Why do you think Colunga has chosen this specific combination of forms for this sculpture?

Sculpture Map #28 – Woodland Area + Trails

Alejandro Colunga
Silla, Casa para Palomas (Chair, House for Doves), 2001
Unique bronze assembly
Total installation: diameter 16.75’ x 25’
Extended Loan, Private Collection

Alejandro Colunga’s work is characterized by an attraction to the unexplainable, to unusual situations, to fantasy, and to transformation, especially of animate to inanimate forms as seen in this unique installation. A tiny table with human legs and feet is dominated by an enormous “chair/person” with snake-like legs, a curving spine leading to very human buttocks, and a small mask-like head. Small openings at the bottom of the chair permit natural wildlife or perhaps the whimsical creature with a matching tail and snout to wander in and out. Openings at the top of the chair allow the wind to whistle through, or to create a home for doves, as indicated by the title. Six forms with sarcophagus-like bodies and fantastic heads, sprung from the artist’s imagination, surround the table and chair. Are they there for protection? For conversation? To pay homage?

Next to the chair is Stairway to Heaven, a chair/stairway transforming into something almost human (or is it the other way around?), shod in long, narrow, carefully laced shoes. Its spinal column and buttocks connect it as another person-object to the Chair. A hand with ears begins the climb up the stairs, three turtles morphing into humans, or vice-versa, continue the climb, to be greeted by a tiny mouse-like creature, its hands clasped.
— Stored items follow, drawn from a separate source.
definition orlicz_function :: "(real \<Rightarrow> real) \<Rightarrow> bool" where
  "orlicz_function \<Psi> \<longleftrightarrow>
     (\<forall>x\<ge>0. \<Psi> x \<ge> 0) \<and> mono_on {0..} \<Psi> \<and> convex_on {0..} \<Psi> \<and>
     \<Psi> 0 = 0 \<and> (\<forall>x>0. \<Psi> x > 0) \<and> filterlim \<Psi> at_top at_top"

definition areaD :: "complex measure" where
  "areaD = density (restrict_space lborel (ball 0 1)) (\<lambda>_. ennreal (1 / pi))"

definition orlicz_modular :: "(real \<Rightarrow> real) \<Rightarrow> (complex \<Rightarrow> 'b::real_normed_vector) \<Rightarrow> real \<Rightarrow> ennreal" where
  "orlicz_modular \<Psi> g C = (\<integral>\<^sup>+ z. ennreal (\<Psi> (norm (g z) / C)) \<partial>areaD)"

definition in_Orlicz :: "(real \<Rightarrow> real) \<Rightarrow> (complex \<Rightarrow> 'b::real_normed_vector) \<Rightarrow> bool" where
  "in_Orlicz \<Psi> g \<longleftrightarrow> g \<in> borel_measurable areaD \<and> (\<exists>C>0. orlicz_modular \<Psi> g C \<le> 1)"

definition lux_norm :: "(real \<Rightarrow> real) \<Rightarrow> (complex \<Rightarrow> 'b::real_normed_vector) \<Rightarrow> real" where
  "lux_norm \<Psi> g = Inf {C. C > 0 \<and> orlicz_modular \<Psi> g C \<le> 1}"

definition in_Bergman_Orlicz :: "(real \<Rightarrow> real) \<Rightarrow> (complex \<Rightarrow> complex) \<Rightarrow> bool" where
  "in_Bergman_Orlicz \<Psi> f \<longleftrightarrow> f holomorphic_on ball 0 1 \<and> in_Orlicz \<Psi> f"

text \<open>Hastings--Luecking sets; the argument is taken modulo 2 pi.\<close>
definition HL_set :: "nat \<Rightarrow> complex set" where
  "HL_set k = {z. \<exists>n j::nat. k = 2^n + j - 1 \<and> j \<le> 2^n - 1 \<and>
      1 - 1 / 2^n \<le> norm z \<and> norm z < 1 - 1 / 2^(n+1) \<and>
      (\<exists>m::int. (2 * real j - 1) * pi / 2^n \<le> Arg z + 2 * pi * m \<and>
                Arg z + 2 * pi * m < (2 * real j + 1) * pi / 2^n)}"

definition Lambda :: "(complex \<Rightarrow> complex) \<Rightarrow> complex \<Rightarrow> real" where
  "Lambda f z = (\<Sum>k. (SUP w\<in>HL_set k. norm (f w)) * indicator (HL_set k) z)"

end

theory Submission
  imports Defs "HOL-Complex_Analysis.Complex_Analysis" "HOL-Probability.Probability"
begin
For Colunga, these surrealistic anthropomorphic statures with human legs and feet, or “people-objects” represent a magician (Mago) transforming himself into a chair, and are intended to be enjoyed and interacted with. Very  unusually, Colunga likes his art to be sat on and  touched, stating “ I love it when people are drawn to one of my works and want to touch it or sit on it, since touch is the most intimate and universal sense we have.” Get close to these sculptures, marvel at the extraordinary variety of shapes textures and colors in the bronze patina, and enjoy the multiplicity of personages and details that increase not only questions but also wonder and magic about these visitors from Colunga’s imagination.

 

Alejandro Colunga, b. 1948 – Born in Guadalajara, Mexico and trained as an architect, but became a self-taught artist – a painter and sculptor. He works in the Latin American tradition of surrealism and fantasy, and is considered part of the movement known as Nueva Mexicanidad.  His work has been shown in a number of exhibitions in the United States, Mexico, Europe, and South America. The imagery in much of his work is drawn from popular art traditions in Mexico – folk art, folk stories he heard as a child, his experience working in a circus, his Catholic upbringing. He has studied in the workshops of master artisans in Mexico and often uses traditional techniques in his ceramics and wood sculptures.